____ Given records

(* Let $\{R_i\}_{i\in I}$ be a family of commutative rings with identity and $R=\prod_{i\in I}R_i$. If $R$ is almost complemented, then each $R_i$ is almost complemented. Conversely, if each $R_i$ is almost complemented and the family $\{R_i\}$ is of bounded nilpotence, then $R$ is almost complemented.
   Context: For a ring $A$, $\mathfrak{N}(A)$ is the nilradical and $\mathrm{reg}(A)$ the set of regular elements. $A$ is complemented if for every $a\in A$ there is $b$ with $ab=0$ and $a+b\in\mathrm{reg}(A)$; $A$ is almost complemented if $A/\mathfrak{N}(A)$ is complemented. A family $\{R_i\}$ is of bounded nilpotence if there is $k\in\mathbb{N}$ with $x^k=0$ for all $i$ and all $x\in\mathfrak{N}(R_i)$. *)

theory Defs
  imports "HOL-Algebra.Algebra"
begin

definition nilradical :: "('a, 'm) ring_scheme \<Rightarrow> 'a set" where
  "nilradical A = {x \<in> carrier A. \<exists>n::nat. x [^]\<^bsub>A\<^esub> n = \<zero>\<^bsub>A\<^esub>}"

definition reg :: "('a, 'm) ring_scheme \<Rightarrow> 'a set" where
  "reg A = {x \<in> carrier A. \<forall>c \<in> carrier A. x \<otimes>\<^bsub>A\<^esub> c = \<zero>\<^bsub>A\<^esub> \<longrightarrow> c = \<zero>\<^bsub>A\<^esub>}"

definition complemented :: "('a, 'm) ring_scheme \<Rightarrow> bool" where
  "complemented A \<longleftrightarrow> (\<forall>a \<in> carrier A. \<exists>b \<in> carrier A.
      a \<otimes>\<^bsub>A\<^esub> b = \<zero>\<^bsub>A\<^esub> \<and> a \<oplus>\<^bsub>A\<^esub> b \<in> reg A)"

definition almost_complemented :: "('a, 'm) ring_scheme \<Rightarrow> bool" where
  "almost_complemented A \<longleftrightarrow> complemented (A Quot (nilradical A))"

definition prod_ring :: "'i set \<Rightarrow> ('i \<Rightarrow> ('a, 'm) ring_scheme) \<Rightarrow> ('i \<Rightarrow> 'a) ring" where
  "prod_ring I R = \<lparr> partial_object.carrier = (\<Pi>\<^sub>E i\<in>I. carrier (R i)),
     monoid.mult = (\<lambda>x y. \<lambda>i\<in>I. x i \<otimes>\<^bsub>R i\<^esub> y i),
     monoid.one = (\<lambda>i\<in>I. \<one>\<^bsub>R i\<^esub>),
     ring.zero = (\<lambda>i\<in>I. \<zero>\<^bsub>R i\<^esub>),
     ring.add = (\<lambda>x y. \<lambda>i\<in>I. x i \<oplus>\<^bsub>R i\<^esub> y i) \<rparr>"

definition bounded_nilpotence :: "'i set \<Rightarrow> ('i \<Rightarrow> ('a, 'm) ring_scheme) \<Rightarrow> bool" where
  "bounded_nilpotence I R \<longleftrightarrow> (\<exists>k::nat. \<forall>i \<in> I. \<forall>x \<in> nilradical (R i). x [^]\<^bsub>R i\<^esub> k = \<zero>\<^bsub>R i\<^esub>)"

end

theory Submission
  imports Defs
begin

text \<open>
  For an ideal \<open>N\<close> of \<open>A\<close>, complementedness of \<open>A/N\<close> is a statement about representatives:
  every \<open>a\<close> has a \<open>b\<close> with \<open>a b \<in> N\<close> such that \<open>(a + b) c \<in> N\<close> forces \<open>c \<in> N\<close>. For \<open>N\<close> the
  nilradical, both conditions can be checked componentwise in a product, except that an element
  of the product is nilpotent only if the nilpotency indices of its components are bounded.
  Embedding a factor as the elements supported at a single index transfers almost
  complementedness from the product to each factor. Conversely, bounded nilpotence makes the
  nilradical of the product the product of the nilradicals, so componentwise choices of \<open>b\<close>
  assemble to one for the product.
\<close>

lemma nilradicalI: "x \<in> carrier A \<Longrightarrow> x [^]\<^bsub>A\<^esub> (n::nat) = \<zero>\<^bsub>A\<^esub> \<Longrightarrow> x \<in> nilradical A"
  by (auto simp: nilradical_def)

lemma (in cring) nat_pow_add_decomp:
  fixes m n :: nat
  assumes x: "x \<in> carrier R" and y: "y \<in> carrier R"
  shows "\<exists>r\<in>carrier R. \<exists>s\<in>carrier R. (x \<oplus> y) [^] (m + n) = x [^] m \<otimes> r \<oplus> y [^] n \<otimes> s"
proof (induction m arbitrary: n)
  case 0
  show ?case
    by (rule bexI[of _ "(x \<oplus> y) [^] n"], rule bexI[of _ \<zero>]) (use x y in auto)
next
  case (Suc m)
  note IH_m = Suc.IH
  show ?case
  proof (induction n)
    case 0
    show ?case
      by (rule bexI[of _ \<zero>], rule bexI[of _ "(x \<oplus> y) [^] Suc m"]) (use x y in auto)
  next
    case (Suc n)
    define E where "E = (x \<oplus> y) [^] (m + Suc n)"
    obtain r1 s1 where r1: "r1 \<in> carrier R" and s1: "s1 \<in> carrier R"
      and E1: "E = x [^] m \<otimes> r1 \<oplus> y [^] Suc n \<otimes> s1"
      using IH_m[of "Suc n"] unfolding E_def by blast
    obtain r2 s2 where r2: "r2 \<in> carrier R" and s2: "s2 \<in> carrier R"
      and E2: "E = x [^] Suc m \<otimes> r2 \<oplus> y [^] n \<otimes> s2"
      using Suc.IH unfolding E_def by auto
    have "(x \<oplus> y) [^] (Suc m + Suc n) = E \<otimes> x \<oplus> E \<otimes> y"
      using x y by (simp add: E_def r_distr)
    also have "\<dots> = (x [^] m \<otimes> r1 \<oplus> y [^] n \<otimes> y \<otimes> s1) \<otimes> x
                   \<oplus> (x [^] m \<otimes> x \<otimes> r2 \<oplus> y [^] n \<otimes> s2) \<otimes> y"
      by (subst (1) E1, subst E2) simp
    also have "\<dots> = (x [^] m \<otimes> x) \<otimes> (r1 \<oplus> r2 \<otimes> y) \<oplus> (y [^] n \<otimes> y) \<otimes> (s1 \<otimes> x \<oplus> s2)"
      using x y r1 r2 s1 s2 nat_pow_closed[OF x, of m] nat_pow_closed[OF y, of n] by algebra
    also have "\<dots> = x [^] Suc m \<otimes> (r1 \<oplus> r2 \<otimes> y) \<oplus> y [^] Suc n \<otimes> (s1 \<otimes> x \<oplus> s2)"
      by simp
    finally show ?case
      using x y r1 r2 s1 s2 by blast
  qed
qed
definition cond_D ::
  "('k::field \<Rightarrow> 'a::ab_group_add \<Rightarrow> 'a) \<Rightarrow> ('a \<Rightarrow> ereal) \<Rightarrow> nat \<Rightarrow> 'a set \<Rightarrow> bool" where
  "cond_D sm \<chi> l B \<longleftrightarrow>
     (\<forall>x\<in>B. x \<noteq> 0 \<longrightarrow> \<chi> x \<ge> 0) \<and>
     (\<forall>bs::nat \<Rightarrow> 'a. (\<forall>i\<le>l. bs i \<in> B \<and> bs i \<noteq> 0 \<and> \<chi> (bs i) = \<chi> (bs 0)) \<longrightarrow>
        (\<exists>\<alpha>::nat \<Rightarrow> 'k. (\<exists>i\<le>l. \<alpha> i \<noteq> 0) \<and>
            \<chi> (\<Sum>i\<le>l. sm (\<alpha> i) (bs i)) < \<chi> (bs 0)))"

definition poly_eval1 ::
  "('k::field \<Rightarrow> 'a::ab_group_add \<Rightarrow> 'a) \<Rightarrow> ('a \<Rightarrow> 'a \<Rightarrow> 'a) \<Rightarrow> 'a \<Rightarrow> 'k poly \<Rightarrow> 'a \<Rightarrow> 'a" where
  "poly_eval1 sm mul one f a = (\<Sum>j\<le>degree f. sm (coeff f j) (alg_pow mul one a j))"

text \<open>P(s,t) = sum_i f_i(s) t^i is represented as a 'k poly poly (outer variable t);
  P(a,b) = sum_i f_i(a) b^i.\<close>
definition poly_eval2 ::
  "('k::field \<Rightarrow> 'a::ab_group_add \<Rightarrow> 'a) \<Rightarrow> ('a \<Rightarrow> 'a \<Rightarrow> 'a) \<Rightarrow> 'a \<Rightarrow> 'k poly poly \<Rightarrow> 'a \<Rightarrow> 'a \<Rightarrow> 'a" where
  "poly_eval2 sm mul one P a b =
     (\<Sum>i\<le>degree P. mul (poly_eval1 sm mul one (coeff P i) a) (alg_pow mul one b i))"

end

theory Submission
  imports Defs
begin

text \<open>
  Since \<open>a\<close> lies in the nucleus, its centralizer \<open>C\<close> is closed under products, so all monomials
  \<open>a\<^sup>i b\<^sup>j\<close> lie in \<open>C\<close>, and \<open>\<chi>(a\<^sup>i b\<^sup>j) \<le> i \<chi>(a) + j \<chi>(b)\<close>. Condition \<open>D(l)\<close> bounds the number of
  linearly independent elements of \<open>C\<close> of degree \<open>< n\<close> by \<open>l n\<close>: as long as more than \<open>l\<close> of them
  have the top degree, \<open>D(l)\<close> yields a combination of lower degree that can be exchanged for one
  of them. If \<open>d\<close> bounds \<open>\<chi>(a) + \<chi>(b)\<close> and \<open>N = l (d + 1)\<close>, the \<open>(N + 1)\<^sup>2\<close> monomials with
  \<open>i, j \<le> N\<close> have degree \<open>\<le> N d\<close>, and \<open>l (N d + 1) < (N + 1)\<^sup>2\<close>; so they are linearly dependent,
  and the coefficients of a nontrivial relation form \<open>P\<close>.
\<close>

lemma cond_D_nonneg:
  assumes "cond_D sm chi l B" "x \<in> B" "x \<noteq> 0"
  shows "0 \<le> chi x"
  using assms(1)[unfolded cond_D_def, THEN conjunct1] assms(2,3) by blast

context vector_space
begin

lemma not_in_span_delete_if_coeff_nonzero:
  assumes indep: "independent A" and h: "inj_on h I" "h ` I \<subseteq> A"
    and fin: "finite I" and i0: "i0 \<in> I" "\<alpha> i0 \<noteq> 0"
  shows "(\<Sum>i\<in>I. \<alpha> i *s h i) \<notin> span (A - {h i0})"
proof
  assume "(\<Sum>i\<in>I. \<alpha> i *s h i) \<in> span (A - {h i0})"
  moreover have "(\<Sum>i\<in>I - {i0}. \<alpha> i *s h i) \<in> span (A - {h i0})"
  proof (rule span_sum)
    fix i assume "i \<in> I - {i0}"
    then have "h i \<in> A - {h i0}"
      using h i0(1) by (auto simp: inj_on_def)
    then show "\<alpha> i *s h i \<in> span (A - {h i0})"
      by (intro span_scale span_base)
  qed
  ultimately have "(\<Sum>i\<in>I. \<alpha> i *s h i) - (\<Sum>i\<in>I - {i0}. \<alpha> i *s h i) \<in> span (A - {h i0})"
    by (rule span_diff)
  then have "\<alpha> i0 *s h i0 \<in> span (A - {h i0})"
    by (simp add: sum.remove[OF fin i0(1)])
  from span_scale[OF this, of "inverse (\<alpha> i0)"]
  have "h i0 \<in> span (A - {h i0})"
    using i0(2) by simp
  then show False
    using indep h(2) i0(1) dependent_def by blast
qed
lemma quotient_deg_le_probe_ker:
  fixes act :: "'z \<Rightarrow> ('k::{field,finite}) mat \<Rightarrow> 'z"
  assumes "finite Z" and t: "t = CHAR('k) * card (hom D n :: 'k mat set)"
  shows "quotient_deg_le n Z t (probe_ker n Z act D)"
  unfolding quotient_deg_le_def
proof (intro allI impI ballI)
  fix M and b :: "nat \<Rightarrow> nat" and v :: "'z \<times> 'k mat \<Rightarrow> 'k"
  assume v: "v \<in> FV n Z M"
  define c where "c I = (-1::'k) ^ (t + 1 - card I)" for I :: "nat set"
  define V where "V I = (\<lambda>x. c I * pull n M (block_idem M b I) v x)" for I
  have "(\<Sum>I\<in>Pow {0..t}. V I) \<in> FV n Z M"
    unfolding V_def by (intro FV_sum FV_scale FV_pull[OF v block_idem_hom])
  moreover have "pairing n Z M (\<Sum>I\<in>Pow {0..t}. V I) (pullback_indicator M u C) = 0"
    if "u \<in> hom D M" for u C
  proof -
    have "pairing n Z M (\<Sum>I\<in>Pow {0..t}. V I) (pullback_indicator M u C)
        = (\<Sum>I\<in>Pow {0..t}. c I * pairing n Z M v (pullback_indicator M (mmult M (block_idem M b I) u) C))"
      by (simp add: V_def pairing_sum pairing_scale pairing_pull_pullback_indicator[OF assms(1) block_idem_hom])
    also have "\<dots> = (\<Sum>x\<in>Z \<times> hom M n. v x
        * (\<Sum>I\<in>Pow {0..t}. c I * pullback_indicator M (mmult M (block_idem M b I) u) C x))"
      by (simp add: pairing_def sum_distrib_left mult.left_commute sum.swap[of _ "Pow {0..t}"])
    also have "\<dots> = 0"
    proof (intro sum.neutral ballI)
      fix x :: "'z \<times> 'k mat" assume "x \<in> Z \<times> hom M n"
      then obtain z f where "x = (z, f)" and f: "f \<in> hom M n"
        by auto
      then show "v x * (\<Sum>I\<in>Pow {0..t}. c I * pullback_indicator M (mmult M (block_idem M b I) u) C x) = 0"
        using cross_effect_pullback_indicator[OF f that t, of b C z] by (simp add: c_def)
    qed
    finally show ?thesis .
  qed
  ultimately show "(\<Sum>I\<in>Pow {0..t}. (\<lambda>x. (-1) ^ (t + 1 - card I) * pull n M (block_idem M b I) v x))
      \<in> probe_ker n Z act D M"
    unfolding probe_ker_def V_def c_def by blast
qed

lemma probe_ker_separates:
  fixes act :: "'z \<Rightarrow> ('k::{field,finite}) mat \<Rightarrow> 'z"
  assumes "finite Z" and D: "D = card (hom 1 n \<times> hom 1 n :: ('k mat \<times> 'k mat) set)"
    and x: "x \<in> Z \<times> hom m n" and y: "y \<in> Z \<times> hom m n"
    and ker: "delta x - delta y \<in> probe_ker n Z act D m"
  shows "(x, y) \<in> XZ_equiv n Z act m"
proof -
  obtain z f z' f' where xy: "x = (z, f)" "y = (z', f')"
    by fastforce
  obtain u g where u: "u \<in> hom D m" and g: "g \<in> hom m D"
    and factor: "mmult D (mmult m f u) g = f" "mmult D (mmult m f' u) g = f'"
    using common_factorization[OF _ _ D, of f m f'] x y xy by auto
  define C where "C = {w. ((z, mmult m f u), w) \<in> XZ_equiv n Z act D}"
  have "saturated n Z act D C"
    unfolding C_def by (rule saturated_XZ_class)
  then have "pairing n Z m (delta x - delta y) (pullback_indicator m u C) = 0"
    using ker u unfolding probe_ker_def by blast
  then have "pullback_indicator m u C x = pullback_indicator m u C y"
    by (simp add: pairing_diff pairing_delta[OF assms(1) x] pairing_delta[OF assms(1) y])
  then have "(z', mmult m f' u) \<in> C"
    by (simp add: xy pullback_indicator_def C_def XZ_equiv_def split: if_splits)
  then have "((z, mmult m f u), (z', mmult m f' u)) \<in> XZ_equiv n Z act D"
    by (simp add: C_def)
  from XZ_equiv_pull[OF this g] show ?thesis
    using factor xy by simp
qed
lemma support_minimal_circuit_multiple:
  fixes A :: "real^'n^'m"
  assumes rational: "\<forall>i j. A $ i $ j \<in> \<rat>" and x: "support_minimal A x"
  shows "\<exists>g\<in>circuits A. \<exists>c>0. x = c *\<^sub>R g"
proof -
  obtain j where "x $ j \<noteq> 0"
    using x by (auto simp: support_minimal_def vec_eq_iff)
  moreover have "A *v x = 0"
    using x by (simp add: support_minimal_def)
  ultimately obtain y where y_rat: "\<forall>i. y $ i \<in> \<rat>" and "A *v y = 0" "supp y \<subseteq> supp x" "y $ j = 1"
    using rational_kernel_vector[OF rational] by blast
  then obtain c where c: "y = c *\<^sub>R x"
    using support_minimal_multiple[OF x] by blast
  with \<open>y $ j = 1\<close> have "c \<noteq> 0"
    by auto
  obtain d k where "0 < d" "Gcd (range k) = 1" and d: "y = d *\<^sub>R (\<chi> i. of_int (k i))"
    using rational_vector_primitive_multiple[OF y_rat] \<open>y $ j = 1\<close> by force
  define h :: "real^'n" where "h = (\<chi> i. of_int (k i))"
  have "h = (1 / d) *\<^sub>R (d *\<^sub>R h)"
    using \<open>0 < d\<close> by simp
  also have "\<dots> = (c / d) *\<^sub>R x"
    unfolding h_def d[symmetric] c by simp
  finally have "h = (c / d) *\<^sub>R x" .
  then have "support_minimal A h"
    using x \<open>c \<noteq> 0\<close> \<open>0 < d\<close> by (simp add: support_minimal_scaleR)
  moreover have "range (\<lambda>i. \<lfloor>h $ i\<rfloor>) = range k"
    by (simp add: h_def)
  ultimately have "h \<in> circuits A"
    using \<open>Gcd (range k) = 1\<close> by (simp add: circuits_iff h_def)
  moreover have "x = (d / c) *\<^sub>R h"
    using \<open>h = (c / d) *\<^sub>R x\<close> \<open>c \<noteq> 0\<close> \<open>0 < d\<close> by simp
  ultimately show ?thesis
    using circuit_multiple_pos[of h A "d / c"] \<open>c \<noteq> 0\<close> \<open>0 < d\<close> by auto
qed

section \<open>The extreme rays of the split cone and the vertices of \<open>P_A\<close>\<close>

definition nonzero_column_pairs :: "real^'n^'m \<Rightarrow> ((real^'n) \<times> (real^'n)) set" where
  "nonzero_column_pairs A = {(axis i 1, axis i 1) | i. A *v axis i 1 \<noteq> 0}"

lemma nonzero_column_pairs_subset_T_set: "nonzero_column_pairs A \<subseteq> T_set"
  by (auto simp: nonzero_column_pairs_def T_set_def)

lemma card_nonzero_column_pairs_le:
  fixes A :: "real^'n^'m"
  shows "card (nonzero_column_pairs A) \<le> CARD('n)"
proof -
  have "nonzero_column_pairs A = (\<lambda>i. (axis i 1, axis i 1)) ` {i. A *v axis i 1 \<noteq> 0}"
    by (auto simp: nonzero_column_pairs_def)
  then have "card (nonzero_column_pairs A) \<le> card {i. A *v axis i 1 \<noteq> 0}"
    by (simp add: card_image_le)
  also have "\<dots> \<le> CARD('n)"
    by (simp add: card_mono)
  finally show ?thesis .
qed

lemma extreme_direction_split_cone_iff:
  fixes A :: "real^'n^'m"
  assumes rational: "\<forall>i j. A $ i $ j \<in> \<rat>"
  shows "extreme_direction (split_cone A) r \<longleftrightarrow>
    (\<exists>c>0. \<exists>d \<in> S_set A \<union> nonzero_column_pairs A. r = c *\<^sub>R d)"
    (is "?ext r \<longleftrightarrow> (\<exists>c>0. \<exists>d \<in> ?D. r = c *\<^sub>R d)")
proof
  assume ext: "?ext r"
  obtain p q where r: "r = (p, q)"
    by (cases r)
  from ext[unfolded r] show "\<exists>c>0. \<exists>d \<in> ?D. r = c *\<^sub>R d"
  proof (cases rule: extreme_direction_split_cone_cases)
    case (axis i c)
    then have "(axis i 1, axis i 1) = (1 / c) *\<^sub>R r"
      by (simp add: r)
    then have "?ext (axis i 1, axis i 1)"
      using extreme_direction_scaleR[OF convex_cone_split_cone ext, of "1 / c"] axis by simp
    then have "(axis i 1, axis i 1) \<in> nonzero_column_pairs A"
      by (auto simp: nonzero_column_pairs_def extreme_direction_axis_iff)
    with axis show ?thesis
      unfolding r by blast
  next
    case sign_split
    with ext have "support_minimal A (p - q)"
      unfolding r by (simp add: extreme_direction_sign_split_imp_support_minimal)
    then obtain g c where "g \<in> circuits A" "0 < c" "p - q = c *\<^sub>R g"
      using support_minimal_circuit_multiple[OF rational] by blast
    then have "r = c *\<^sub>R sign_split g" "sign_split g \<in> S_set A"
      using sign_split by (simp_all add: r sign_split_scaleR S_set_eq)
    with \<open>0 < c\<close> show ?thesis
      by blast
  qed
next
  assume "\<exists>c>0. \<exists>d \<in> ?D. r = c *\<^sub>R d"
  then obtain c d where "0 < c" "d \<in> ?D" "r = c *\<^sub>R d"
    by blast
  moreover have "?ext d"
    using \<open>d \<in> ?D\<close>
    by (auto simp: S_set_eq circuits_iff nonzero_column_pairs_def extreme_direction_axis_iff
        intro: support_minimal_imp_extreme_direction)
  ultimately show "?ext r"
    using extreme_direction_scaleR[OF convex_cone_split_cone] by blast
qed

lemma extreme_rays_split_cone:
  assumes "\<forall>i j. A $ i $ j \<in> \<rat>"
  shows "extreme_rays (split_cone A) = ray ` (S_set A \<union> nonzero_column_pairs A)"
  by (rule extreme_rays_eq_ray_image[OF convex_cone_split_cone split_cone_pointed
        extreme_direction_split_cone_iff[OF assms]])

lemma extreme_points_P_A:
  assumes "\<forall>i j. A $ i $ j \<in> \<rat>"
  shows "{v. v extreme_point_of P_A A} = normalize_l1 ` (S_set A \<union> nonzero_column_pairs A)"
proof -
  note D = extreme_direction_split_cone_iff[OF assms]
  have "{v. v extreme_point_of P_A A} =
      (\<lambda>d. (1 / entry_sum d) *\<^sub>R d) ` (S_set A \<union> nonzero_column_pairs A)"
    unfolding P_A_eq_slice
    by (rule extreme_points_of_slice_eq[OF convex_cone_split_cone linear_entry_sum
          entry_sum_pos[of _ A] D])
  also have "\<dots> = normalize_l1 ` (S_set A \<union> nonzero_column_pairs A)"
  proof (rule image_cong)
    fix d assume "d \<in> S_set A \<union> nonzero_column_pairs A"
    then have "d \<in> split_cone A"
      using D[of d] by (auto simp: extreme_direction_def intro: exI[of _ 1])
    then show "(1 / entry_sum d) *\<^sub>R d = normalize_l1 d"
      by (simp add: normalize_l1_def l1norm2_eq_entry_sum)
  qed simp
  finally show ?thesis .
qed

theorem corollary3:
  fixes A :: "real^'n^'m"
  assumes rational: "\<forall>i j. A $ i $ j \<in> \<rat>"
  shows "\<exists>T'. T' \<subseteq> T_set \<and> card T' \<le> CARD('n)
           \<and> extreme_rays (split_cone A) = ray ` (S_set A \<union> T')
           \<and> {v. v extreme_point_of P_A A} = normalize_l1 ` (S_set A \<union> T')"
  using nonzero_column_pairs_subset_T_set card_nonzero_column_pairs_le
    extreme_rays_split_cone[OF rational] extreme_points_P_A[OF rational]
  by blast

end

________

#### Task description
Print exactly the lines above, between the one holding "r \<longleftrightarrow> (\<exists>c>0." and the one holding "using extreme_direction_scaleR[OF convex_cone_split_cone ext, of", inclusive, and nothing besides.

#### Output for this task
    (is "?ext r \<longleftrightarrow> (\<exists>c>0. \<exists>d \<in> ?D. r = c *\<^sub>R d)")
proof
  assume ext: "?ext r"
  obtain p q where r: "r = (p, q)"
    by (cases r)
  from ext[unfolded r] show "\<exists>c>0. \<exists>d \<in> ?D. r = c *\<^sub>R d"
  proof (cases rule: extreme_direction_split_cone_cases)
    case (axis i c)
    then have "(axis i 1, axis i 1) = (1 / c) *\<^sub>R r"
      by (simp add: r)
    then have "?ext (axis i 1, axis i 1)"
      using extreme_direction_scaleR[OF convex_cone_split_cone ext, of "1 / c"] axis by simp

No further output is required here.